** Information shown **
○ ○ ○ ○ ○

(* Let $d$ be a prime power, $\beta>0$, $0\le\eta\le 1$, and let $\rho^{\mathrm{iso}}_{a|x}(\eta)=\eta\frac1d|\phi^a_x\rangle\langle\phi^a_x|+(1-\eta)\frac{\mathbb{I}}{d^2}$, $a\in\{0,\dots,d-1\}$, $x\in\{0,\dots,d\}$, built from a complete set of $d+1$ mutually unbiased bases of $\mathbb{C}^d$. If $\eta>\Big(\sqrt d+\frac{1}{d+\sqrt d+1}\Big)^{-1}$, then $$\xi_{\max}\big(\{\rho^{\mathrm{iso}}_{a|x}(\eta)\}_{a,x}\big)\ \ge\ \frac{(d+1)\big(1+\eta(d-1)\big)}{d(1+\sqrt d)}\ >\ 1;$$ in particular for $\eta=1$, $\xi_{\max}\ge\frac{d+1}{\sqrt d+1}$.
   Context: A complete set of MUBs: $d+1$ orthonormal bases $\{|\phi^a_x\rangle\}_a$ of $\mathbb{C}^d$ with $|\langle\phi^a_x|\phi^b_y\rangle|=1/\sqrt d$ for $x\ne y$. For an assemblage $\{\rho_{a|x}\}$ (PSD operators $\rho_{a|x}=\operatorname{Tr}_A[(M_{a|x}\otimes\mathbb{I})\rho_{AB}]$) with $p(a|x)=\operatorname{Tr}\rho_{a|x}$ and Hermitian $H_{a|x}$ on $\mathbb{C}^d$, $Q_c(\{\rho_{a|x}\},\{H_{a|x}\})=\frac1n\sum_{a,x}[\operatorname{Tr}(H_{a|x}\rho_{a|x})-\operatorname{Tr}(H_{a|x}\gamma_{a|x})]$ with $\gamma_{a|x}=p(a|x)e^{-\beta H_{a|x}}/\operatorname{Tr}e^{-\beta H_{a|x}}$, $n$ the number of inputs. $\mathcal{L}$ is the set of unsteerable assemblages (those with $\rho_{a|x}=\int d\lambda\,p(\lambda)p(a|x,\lambda)\sigma_\lambda$), $\mathcal{L}_\rho=\{\{\sigma_{a|x}\}\in\mathcal{L}:\operatorname{Tr}\sigma_{a|x}=\operatorname{Tr}\rho_{a|x}\ \forall a,x\}$, and $\xi_{\max}(\{\rho_{a|x}\})=\sup_{\{H_{a|x}\}} Q_c(\{\rho_{a|x}\},\{H_{a|x}\})/\max_{\{\sigma_{a|x}\}\in\mathcal{L}_\rho}Q_c(\{\sigma_{a|x}\},\{H_{a|x}\})$, the supremum over Hermitian families with strictly positive denominator. *)

theory Defs
  imports "HOL-Analysis.Analysis" "HOL-Computational_Algebra.Primes"
    "Jordan_Normal_Form.Matrix" "Jordan_Normal_Form.Conjugate"
begin

definition mtrace :: "complex mat \<Rightarrow> complex" where
  "mtrace A = (\<Sum>i<dim_row A. A $$ (i,i))"

definition herm :: "nat \<Rightarrow> complex mat \<Rightarrow> bool" where
  "herm n A \<longleftrightarrow> A \<in> carrier_mat n n \<and>
     (\<forall>i<n. \<forall>j<n. A $$ (i,j) = cnj (A $$ (j,i)))"

definition psd :: "nat \<Rightarrow> complex mat \<Rightarrow> bool" where
  "psd n A \<longleftrightarrow> herm n A \<and>
     (\<forall>v \<in> carrier_vec n. 0 \<le> Re (conjugate v \<bullet> (A *\<^sub>v v)))"
lemma image_transport_above: "transport ` above n d T = above n' d' T'"
proof
  show "transport ` above n d T \<subseteq> above n' d' T'"
    using transport_above(1) by blast
  show "above n' d' T' \<subseteq> transport ` above n d T"
  proof
    fix Y
    assume Y: "Y \<in> above n' d' T'"
    define A where "A = inv_into T \<sigma> (base T' Y)"
    have A: "A \<in> T" "\<sigma> A = base T' Y"
      using base_above(1)[OF T' Y] \<sigma> unfolding A_def
      by (auto simp: bij_betw_def inv_into_into f_inv_into_f)
    define C where "C = inv_into (complement n A) (h A) ` complement n' Y"
    have "complement n' Y \<subseteq> complement n' (\<sigma> A)"
      using base_above(2)[OF T' Y] A(2) unfolding complement_def by blast
    then have sub: "complement n' Y \<subseteq> h A ` complement n A"
      using h[OF A(1)] by (simp add: bij_betw_def)
    have hC: "h A ` C = complement n' Y"
      unfolding C_def by (rule image_inv_into_cancel[OF refl sub])
    have C_sub: "C \<subseteq> complement n A"
      unfolding C_def using sub by (auto intro: inv_into_into)
    have "card C = card (complement n' Y)"
      using hC C_sub h[OF A(1)] by (metis bij_betw_def card_image inj_on_subset)
    moreover have "card Y \<le> d'"
      using Y unfolding above_def by blast
    ultimately have "int n - int d \<le> int (card C)"
      using card_complement[OF above_subset[OF Y]] dims by linarith
    note X = complement_above[OF T A(1) C_sub this]
    have "C \<subseteq> {1..n}"
      using C_sub unfolding complement_def by blast
    then have "transport (complement n C) = complement n' (h A ` C)"
      unfolding transport_def X(2) by (simp add: complement_complement)
    also have "\<dots> = Y"
      using hC complement_complement above_subset[OF Y] by metis
    finally show "Y \<in> transport ` above n d T"
      using X(1) by blast
  qed
qed
section \<open>Smooth choice of the two roots\<close>

lemma csqrt_eq_Complex:
  assumes "Re w > 0"
  defines "x \<equiv> sqrt ((cmod w + Re w) / 2)"
  shows "csqrt w = Complex x (Im w / (2 * x))"
proof (rule csqrt_unique)
  have m: "(cmod w)\<^sup>2 = (Re w)\<^sup>2 + (Im w)\<^sup>2" by (rule cmod_power2)
  have mpos: "cmod w + Re w > 0" using assms(1) complex_Re_le_cmod[of w] by linarith
  then have x: "x > 0" and x2: "x\<^sup>2 = (cmod w + Re w) / 2" by (simp_all add: x_def)
  have "x\<^sup>2 - (Im w / (2 * x))\<^sup>2 = x\<^sup>2 - (Im w)\<^sup>2 / (4 * x\<^sup>2)"
    by (simp add: power_divide power_mult_distrib)
  also have "\<dots> = (cmod w + Re w) / 2 - (Im w)\<^sup>2 / (2 * (cmod w + Re w))"
    using mpos by (simp add: x2 field_simps)
  also have "\<dots> = ((cmod w + Re w)\<^sup>2 - (Im w)\<^sup>2) / (2 * (cmod w + Re w))"
    using mpos by (simp add: field_simps power2_eq_square)
  also have "(cmod w + Re w)\<^sup>2 - (Im w)\<^sup>2 = 2 * Re w * (cmod w + Re w)"
    using m by (simp add: power2_eq_square algebra_simps)
  also have "2 * Re w * (cmod w + Re w) / (2 * (cmod w + Re w)) = Re w"
    using mpos by (simp add: field_simps)
  finally have "x\<^sup>2 - (Im w / (2 * x))\<^sup>2 = Re w" .
  moreover have "2 * x * (Im w / (2 * x)) = Im w" using x by simp
  ultimately show "(Complex x (Im w / (2 * x)))\<^sup>2 = w"
    using x by (simp add: complex_eq_iff power2_eq_square)
  show "0 < Re (Complex x (Im w / (2 * x))) \<or> Re (Complex x (Im w / (2 * x))) = 0 \<and> 0 \<le> Im (Complex x (Im w / (2 * x)))"
    using x by simp
qed

lemma smooth_on_csqrt:
  fixes g :: "'a::euclidean_space \<Rightarrow> complex"
  assumes S: "open S" and g: "smooth_on S g" and pos: "\<And>x. x \<in> S \<Longrightarrow> Re (g x) > 0"
  shows "smooth_on S (\<lambda>x. csqrt (g x))"
proof (rule smooth_on_cong[OF S])
  have nz: "g x \<noteq> 0" if "x \<in> S" for x using pos[OF that] by auto
  have mpos: "cmod (g x) + Re (g x) > 0" if "x \<in> S" for x
    using pos[OF that] complex_Re_le_cmod[of "g x"] by linarith
  have x: "smooth_on S (\<lambda>x. sqrt ((cmod (g x) + Re (g x)) / 2))"
    unfolding divide_inverse
    by (intro smooth_on_sqrt S smooth_on_mult smooth_on_add smooth_on_cmod smooth_on_Re g nz smooth_on_const)
       (use mpos in auto)
  show "smooth_on S (\<lambda>x. Complex (sqrt ((cmod (g x) + Re (g x)) / 2))
          (Im (g x) / (2 * sqrt ((cmod (g x) + Re (g x)) / 2))))"
    unfolding divide_inverse[of "Im _"]
    by (intro smooth_on_Complex x smooth_on_mult smooth_on_Im g smooth_on_inverse S smooth_on_const)
       (use mpos in auto)
qed (use pos in \<open>simp add: csqrt_eq_Complex\<close>)

lemma open_Collect_preimage:
  "open S \<Longrightarrow> continuous_on S f \<Longrightarrow> open T \<Longrightarrow> open {x \<in> S. f x \<in> T}"
  using continuous_open_preimage[of S f T] by (simp add: Int_def vimage_def)

definition discr :: "complex \<times> complex \<Rightarrow> complex" where
  "discr u = (fst u)\<^sup>2 - 4 * snd u"

text \<open>The roots of z^2 - s z + p, for u = (s, p), chosen by the unit factor \<nu> that turns
  the discriminant into the right half plane, where the principal square root is smooth.\<close>

definition root1 :: "complex \<Rightarrow> complex \<times> complex \<Rightarrow> complex" where
  "root1 \<nu> u = (fst u + cnj \<nu> * csqrt (\<nu>\<^sup>2 * discr u)) / 2"

definition root2 :: "complex \<Rightarrow> complex \<times> complex \<Rightarrow> complex" where
  "root2 \<nu> u = (fst u - cnj \<nu> * csqrt (\<nu>\<^sup>2 * discr u)) / 2"

definition discr_half_plane :: "complex \<Rightarrow> (complex \<times> complex) set" where
  "discr_half_plane \<nu> = {u. 0 < Re (\<nu>\<^sup>2 * discr u)}"

definition root_domain :: "complex \<Rightarrow> (complex \<times> complex) set" where
  "root_domain \<nu> = {u \<in> discr_half_plane \<nu>. (root1 \<nu> u, root2 \<nu> u) \<in> unit_disc \<times> unit_disc}"

lemma smooth_on_discr: "smooth_on S discr"
  unfolding discr_def[abs_def]
  by (intro smooth_on_diff smooth_on_power smooth_on_mult smooth_on_const smooth_on_fst smooth_on_snd smooth_on_id)

lemma open_discr_half_plane: "open (discr_half_plane \<nu>)"
proof -
  have "continuous_on UNIV (\<lambda>u. Re (\<nu>\<^sup>2 * discr u))"
    by (intro smooth_on_imp_continuous_on smooth_on_Re smooth_on_mult smooth_on_const smooth_on_discr)
  from open_Collect_preimage[OF open_UNIV this open_greaterThan[of 0]]
  show ?thesis by (simp add: discr_half_plane_def)
qed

○ ○ ○ ○ ○

Look through the listing above and give the number of lines containing the string "intro", with nothing else.

5